**PROVIDED DATA:**
(* Let $\{\mathcal{C}_1,\mathcal{C}_2,\mathcal{C}_3\}$ be an unextendible set of three pairwise disjoint maximal commuting classes of two-qubit Pauli operators ($d=4$). Then the nine operators in $\mathcal{C}_1\cup\mathcal{C}_2\cup\mathcal{C}_3$ can be partitioned into a different set of three maximal commuting classes $\{\mathcal{C}_1',\mathcal{C}_2',\mathcal{C}_3'\}$ such that each $\mathcal{C}_i'$ contains exactly one operator from each of $\mathcal{C}_1$, $\mathcal{C}_2$, and $\mathcal{C}_3$.
   Context: Two-qubit Pauli operators are the tensor products $P_1\otimes P_2$ with $P_k\in\{I,X,Y,Z\}$; products are taken up to a phase. A maximal commuting class in $d=4$ is a set of $3$ mutually commuting non-identity two-qubit Pauli operators. A set of pairwise disjoint maximal commuting classes $\{\mathcal{C}_1,\dots,\mathcal{C}_L\}$ is unextendible if no further maximal commuting class can be formed from the non-identity Pauli operators not in $\mathcal{C}_1\cup\dots\cup\mathcal{C}_L$. *)

theory Defs
  imports Main
begin

text \<open>Single-qubit Pauli operators (up to phase).\<close>
datatype pauli = PI | PX | PY | PZ

text \<open>Two-qubit Pauli operators P1 (x) P2, up to phase.\<close>
type_synonym pauli2 = "pauli \<times> pauli"

definition identity2 :: pauli2 where
  "identity2 = (PI, PI)"

definition anticommute1 :: "pauli \<Rightarrow> pauli \<Rightarrow> bool" where
  "anticommute1 p q \<longleftrightarrow> p \<noteq> PI \<and> q \<noteq> PI \<and> p \<noteq> q"

text \<open>Tensor products commute iff the number of anticommuting tensor factors is even.\<close>
definition commute2 :: "pauli2 \<Rightarrow> pauli2 \<Rightarrow> bool" where
  "commute2 P Q \<longleftrightarrow> (anticommute1 (fst P) (fst Q) = anticommute1 (snd P) (snd Q))"

definition max_comm_class :: "pauli2 set \<Rightarrow> bool" where
  "max_comm_class C \<longleftrightarrow> card C = 3 \<and> identity2 \<notin> C \<and>
     (\<forall>P\<in>C. \<forall>Q\<in>C. commute2 P Q)"

definition unextendible :: "pauli2 set set \<Rightarrow> bool" where
  "unextendible S \<longleftrightarrow>
     (\<forall>C\<in>S. max_comm_class C) \<and>
     (\<forall>C\<in>S. \<forall>D\<in>S. C \<noteq> D \<longrightarrow> C \<inter> D = {}) \<and>
     \<not> (\<exists>C. max_comm_class C \<and> C \<subseteq> UNIV - {identity2} - \<Union>S)"

end

theory Submission
  imports Defs "HOL-Library.Product_Plus"
begin

text \<open>
  Modulo phases the two-qubit Pauli operators form the group \<open>\<bbbF>\<^sub>2\<^sup>4\<close>, on which
  commutation is a symplectic form; the maximal commuting classes are the lines
  \<open>{x, y, x + y}\<close> of the generalised quadrangle \<open>W(2)\<close>, so a non-identity operator outside
  a class commutes with exactly one of its members. If \<open>{C\<^sub>1, C\<^sub>2, C\<^sub>3}\<close> is unextendible and
  \<open>p \<in> C\<^sub>1\<close>, \<open>q \<in> C\<^sub>2\<close> commute, then \<open>p + q \<in> C\<^sub>3\<close>: otherwise \<open>r = p + q\<close> avoids the union
  and commutes with a unique \<open>c \<in> C\<^sub>3\<close>, so that \<open>p\<close>, \<open>q\<close>, \<open>c\<close> are the only members of the
  union commuting with \<open>r\<close>, and the class \<open>{r, p + c, q + c}\<close> avoids the union as well. So the classes joining each \<open>p \<in> C\<^sub>1\<close> to the member of \<open>C\<^sub>2\<close> commuting with it are
  three disjoint classes meeting every \<open>C\<^sub>i\<close> once.
\<close>

instantiation pauli :: ab_group_add
begin

fun plus_pauli :: "pauli \<Rightarrow> pauli \<Rightarrow> pauli" where
  "plus_pauli PI q = q"
| "plus_pauli p PI = p"
| "plus_pauli PX PY = PZ"
| "plus_pauli PY PX = PZ"
| "plus_pauli PX PZ = PY"
| "plus_pauli PZ PX = PY"
| "plus_pauli PY PZ = PX"
| "plus_pauli PZ PY = PX"
| "plus_pauli _ _ = PI"

definition zero_pauli :: pauli where
  "zero_pauli = PI"

definition uminus_pauli :: "pauli \<Rightarrow> pauli" where
  "uminus_pauli p = p"

definition minus_pauli :: "pauli \<Rightarrow> pauli \<Rightarrow> pauli" where
  "minus_pauli p q = p + q"

instance
proof
  fix a b c :: pauli
  show "a + b + c = a + (b + c)" by (cases a; cases b; cases c) auto
  show "a + b = b + a" by (cases a; cases b) auto
  show "0 + a = a" by (simp add: zero_pauli_def)
  show "- a + a = 0" by (cases a) (auto simp: uminus_pauli_def zero_pauli_def)
  show "a - b = a + - b" by (simp add: minus_pauli_def uminus_pauli_def)
qed

end

lemma pauli_add_self [simp]: "(p :: pauli) + p = 0"
  by (cases p) (simp_all add: zero_pauli_def)

lemma pauli2_add_self [simp]: "(x :: pauli2) + x = 0"
  by (cases x) (simp add: zero_prod_def)

lemma pauli2_add_cancel_left [simp]: "(x :: pauli2) + (x + y) = y"
  by (simp flip: add.assoc)

lemma pauli2_add_eq_iff: "(x :: pauli2) + y = z \<longleftrightarrow> y = x + z"
  by auto

lemma identity2_eq_zero: "identity2 = 0"
  by (simp add: identity2_def zero_prod_def zero_pauli_def)

lemma anticommute1_add_right:
  "anticommute1 p (q + r) \<longleftrightarrow> anticommute1 p q \<noteq> anticommute1 p r"
  by (cases p; cases q; cases r) (simp_all add: anticommute1_def zero_pauli_def)

lemma commute2_add_right: "commute2 x (y + z) \<longleftrightarrow> (commute2 x y \<longleftrightarrow> commute2 x z)"
  by (auto simp: commute2_def anticommute1_add_right)

lemma commute2_sym: "commute2 x y \<longleftrightarrow> commute2 y x"
  by (auto simp: commute2_def anticommute1_def)

lemma commute2_refl [simp]: "commute2 x x"
  by (simp add: commute2_def anticommute1_def)

definition paulis :: "pauli list" where
  "paulis = [PI, PX, PY, PZ]"

lemma set_product_paulis: "set (List.product paulis paulis) = UNIV"
proof -
  have "set paulis = UNIV"
    using pauli.exhaust by (auto simp: paulis_def)
  then show ?thesis by simp
qed

lemma commute2_in_span_check:
  "list_all (\<lambda>x. list_all (\<lambda>y. list_all (\<lambda>z.
     x \<noteq> 0 \<and> y \<noteq> 0 \<and> x \<noteq> y \<and> commute2 x y \<and> commute2 x z \<and> commute2 y z
       \<longrightarrow> z \<in> {0, x, y, x + y})
   (List.product paulis paulis)) (List.product paulis paulis)) (List.product paulis paulis)"
  unfolding paulis_def commute2_def anticommute1_def by code_simp

text \<open>A two-dimensional isotropic subspace of \<open>\<bbbF>\<^sub>2\<^sup>4\<close> is its own symplectic complement.\<close>

lemma commute2_in_span:
  assumes "x \<noteq> 0" "y \<noteq> 0" "x \<noteq> y" "commute2 x y" "commute2 x z" "commute2 y z"
  shows "z \<in> {0, x, y, x + y}"
  using commute2_in_span_check assms unfolding list_all_iff set_product_paulis by blast

lemma max_comm_class_finite: "max_comm_class C \<Longrightarrow> finite C"
  by (metis card.infinite max_comm_class_def zero_neq_numeral)

lemma max_comm_class_nonzero: "max_comm_class C \<Longrightarrow> x \<in> C \<Longrightarrow> x \<noteq> 0"
  by (auto simp: max_comm_class_def identity2_eq_zero)

lemma max_comm_class_commute: "max_comm_class C \<Longrightarrow> x \<in> C \<Longrightarrow> y \<in> C \<Longrightarrow> commute2 x y"
  by (simp add: max_comm_class_def)

lemma max_comm_class_line:
  assumes "x \<noteq> 0" "y \<noteq> 0" "x \<noteq> y" "commute2 x y"
  shows "max_comm_class {x, y, x + y}"
proof -
  have "x + y \<noteq> x" "x + y \<noteq> y" "x + y \<noteq> 0"
    using assms by (auto simp: pauli2_add_eq_iff)
  with assms show ?thesis
    by (auto simp: max_comm_class_def identity2_eq_zero commute2_add_right commute2_sym)
qed

lemma max_comm_class_eq_line:
  assumes C: "max_comm_class C" and "x \<in> C" "y \<in> C" "x \<noteq> y"
  shows "C = {x, y, x + y}"
proof -
  have "card C = 3" "finite C"
    using C max_comm_class_finite by (auto simp: max_comm_class_def)
  have "\<not> C \<subseteq> {x, y}"
    using card_mono[of "{x, y}" C] \<open>card C = 3\<close> by (auto simp: card_insert_if split: if_splits)
  then obtain z where z: "z \<in> C" "z \<noteq> x" "z \<noteq> y"
    by blast
  have "x \<noteq> 0" "y \<noteq> 0"
    using assms max_comm_class_nonzero by blast+
  with assms z have "z \<in> {0, x, y, x + y}"
    by (intro commute2_in_span) (auto intro: max_comm_class_commute)
  with z C have "z = x + y"
    using max_comm_class_nonzero by blast
  then have "{x, y, x + y} \<subseteq> C" "card {x, y, x + y} = 3"
    using assms z by auto
  with \<open>card C = 3\<close> \<open>finite C\<close> show ?thesis
    by (metis card_subset_eq)
qed

lemma max_comm_class_add_mem:
  "max_comm_class C \<Longrightarrow> x \<in> C \<Longrightarrow> y \<in> C \<Longrightarrow> x \<noteq> y \<Longrightarrow> x + y \<in> C"
  by (drule max_comm_class_eq_line) auto

lemma max_comm_class_add_notin:
  assumes "max_comm_class C" "x \<in> C" "y \<notin> C" "y \<noteq> 0"
  shows "x + y \<notin> C"
proof
  assume "x + y \<in> C"
  moreover have "x \<noteq> x + y"
    using \<open>y \<noteq> 0\<close> by (metis add_cancel_left_right)
  ultimately have "x + (x + y) \<in> C"
    using assms by (rule_tac max_comm_class_add_mem) auto
  with assms show False
    by simp
qed

lemma max_comm_class_obtain_commuting:
  assumes C: "max_comm_class C"
  obtains c where "c \<in> C" "commute2 x c"
proof -
  have "card C = 3"
    using C by (simp add: max_comm_class_def)
  then obtain a b where ab: "a \<in> C" "b \<in> C" "a \<noteq> b"
    by (metis card_3_iff insertI1 insertI2)
  then have "C = {a, b, a + b}"
    by (intro max_comm_class_eq_line[OF C])
  moreover have "commute2 x a \<or> commute2 x b \<or> commute2 x (a + b)"
    by (auto simp: commute2_add_right)
  ultimately show thesis
    using that ab by blast
qed

lemma max_comm_class_commuting_unique:
  assumes C: "max_comm_class C" and x: "x \<noteq> 0" "x \<notin> C"
    and c: "c \<in> C" "commute2 x c" and d: "d \<in> C" "commute2 x d"
  shows "c = d"
proof (rule ccontr)
  assume "c \<noteq> d"
  have "c \<noteq> 0" "d \<noteq> 0"
    using C c d max_comm_class_nonzero by blast+
  with C c d \<open>c \<noteq> d\<close> have "x \<in> {0, c, d, c + d}"
    by (intro commute2_in_span) (auto intro: max_comm_class_commute simp: commute2_sym)
  moreover have "C = {c, d, c + d}"
    using C c d \<open>c \<noteq> d\<close> by (intro max_comm_class_eq_line)
  ultimately show False
    using x by auto
qed

lemma max_comm_classes_disjoint:
  assumes C: "max_comm_class C" and D: "max_comm_class D" and D': "max_comm_class D'"
    and p: "D \<inter> C = {p}" and p': "D' \<inter> C = {p'}" and "p \<noteq> p'"
  shows "D \<inter> D' = {}"
proof (rule ccontr)
  assume "D \<inter> D' \<noteq> {}"
  then obtain t where t: "t \<in> D" "t \<in> D'"
    by blast
  have "p \<in> D" "p \<in> C" "p' \<in> D'" "p' \<in> C"
    using p p' by blast+
  have "t \<notin> C"
  proof
    assume "t \<in> C"
    then have "t \<in> D \<inter> C" "t \<in> D' \<inter> C"
      using t by blast+
    with p p' \<open>p \<noteq> p'\<close> show False
      by simp
  qed
  moreover have "commute2 t p" "commute2 t p'" "t \<noteq> 0"
    using max_comm_class_commute[OF D t(1) \<open>p \<in> D\<close>]
      max_comm_class_commute[OF D' t(2) \<open>p' \<in> D'\<close>] max_comm_class_nonzero[OF D t(1)]
    by simp_all
  ultimately have "p = p'"
    using max_comm_class_commuting_unique[OF C] \<open>p \<in> C\<close> \<open>p' \<in> C\<close> by blast
  with \<open>p \<noteq> p'\<close> show False ..
qed

lemma card_Un3_disjoint:
  "finite A \<Longrightarrow> finite B \<Longrightarrow> finite C \<Longrightarrow> A \<inter> B = {} \<Longrightarrow> A \<inter> C = {} \<Longrightarrow> B \<inter> C = {}
    \<Longrightarrow> card (A \<union> B \<union> C) = card A + card B + card C"
  by (simp add: card_Un_disjoint Int_Un_distrib2)

lemma max_comm_classes_Un3_eq:
  assumes "max_comm_class A1" "max_comm_class A2" "max_comm_class A3"
    "A1 \<inter> A2 = {}" "A1 \<inter> A3 = {}" "A2 \<inter> A3 = {}"
    and "max_comm_class B1" "max_comm_class B2" "max_comm_class B3"
    "B1 \<inter> B2 = {}" "B1 \<inter> B3 = {}" "B2 \<inter> B3 = {}"
    and "A1 \<union> A2 \<union> A3 \<subseteq> B1 \<union> B2 \<union> B3"
  shows "A1 \<union> A2 \<union> A3 = B1 \<union> B2 \<union> B3"
proof (rule card_subset_eq)
  show "finite (B1 \<union> B2 \<union> B3)"
    using assms max_comm_class_finite by blast
  show "card (A1 \<union> A2 \<union> A3) = card (B1 \<union> B2 \<union> B3)"
    using assms by (simp add: card_Un3_disjoint max_comm_class_finite)
      (simp add: max_comm_class_def)
qed (use assms in simp)

locale unextendible_triple =
  fixes C1 C2 C3 :: "pauli2 set"
  assumes max1: "max_comm_class C1" and max2: "max_comm_class C2" and max3: "max_comm_class C3"
    and disj12: "C1 \<inter> C2 = {}" and disj13: "C1 \<inter> C3 = {}" and disj23: "C2 \<inter> C3 = {}"
    and unext: "unextendible {C1, C2, C3}"
begin

lemma max_comm_class_meets_union:
  assumes D: "max_comm_class D"
  shows "D \<inter> (C1 \<union> C2 \<union> C3) \<noteq> {}"
proof
  assume "D \<inter> (C1 \<union> C2 \<union> C3) = {}"
  moreover have "identity2 \<notin> D"
    using D by (simp add: max_comm_class_def)
  ultimately have "D \<subseteq> UNIV - {identity2} - \<Union>{C1, C2, C3}"
    by blast
  with D unext show False
    unfolding unextendible_def by blast
qed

**PROBLEM:**
Lines wanted from the listing above: the line with "using max_comm_class_commute[OF D" up to and including the line with "proof (rule card_subset_eq)". Please write them out exactly, adding nothing else.

**WRITTEN ANSWER:**
    using max_comm_class_commute[OF D t(1) \<open>p \<in> D\<close>]
      max_comm_class_commute[OF D' t(2) \<open>p' \<in> D'\<close>] max_comm_class_nonzero[OF D t(1)]
    by simp_all
  ultimately have "p = p'"
    using max_comm_class_commuting_unique[OF C] \<open>p \<in> C\<close> \<open>p' \<in> C\<close> by blast
  with \<open>p \<noteq> p'\<close> show False ..
qed

lemma card_Un3_disjoint:
  "finite A \<Longrightarrow> finite B \<Longrightarrow> finite C \<Longrightarrow> A \<inter> B = {} \<Longrightarrow> A \<inter> C = {} \<Longrightarrow> B \<inter> C = {}
    \<Longrightarrow> card (A \<union> B \<union> C) = card A + card B + card C"
  by (simp add: card_Un_disjoint Int_Un_distrib2)

lemma max_comm_classes_Un3_eq:
  assumes "max_comm_class A1" "max_comm_class A2" "max_comm_class A3"
    "A1 \<inter> A2 = {}" "A1 \<inter> A3 = {}" "A2 \<inter> A3 = {}"
    and "max_comm_class B1" "max_comm_class B2" "max_comm_class B3"
    "B1 \<inter> B2 = {}" "B1 \<inter> B3 = {}" "B2 \<inter> B3 = {}"
    and "A1 \<union> A2 \<union> A3 \<subseteq> B1 \<union> B2 \<union> B3"
  shows "A1 \<union> A2 \<union> A3 = B1 \<union> B2 \<union> B3"
proof (rule card_subset_eq)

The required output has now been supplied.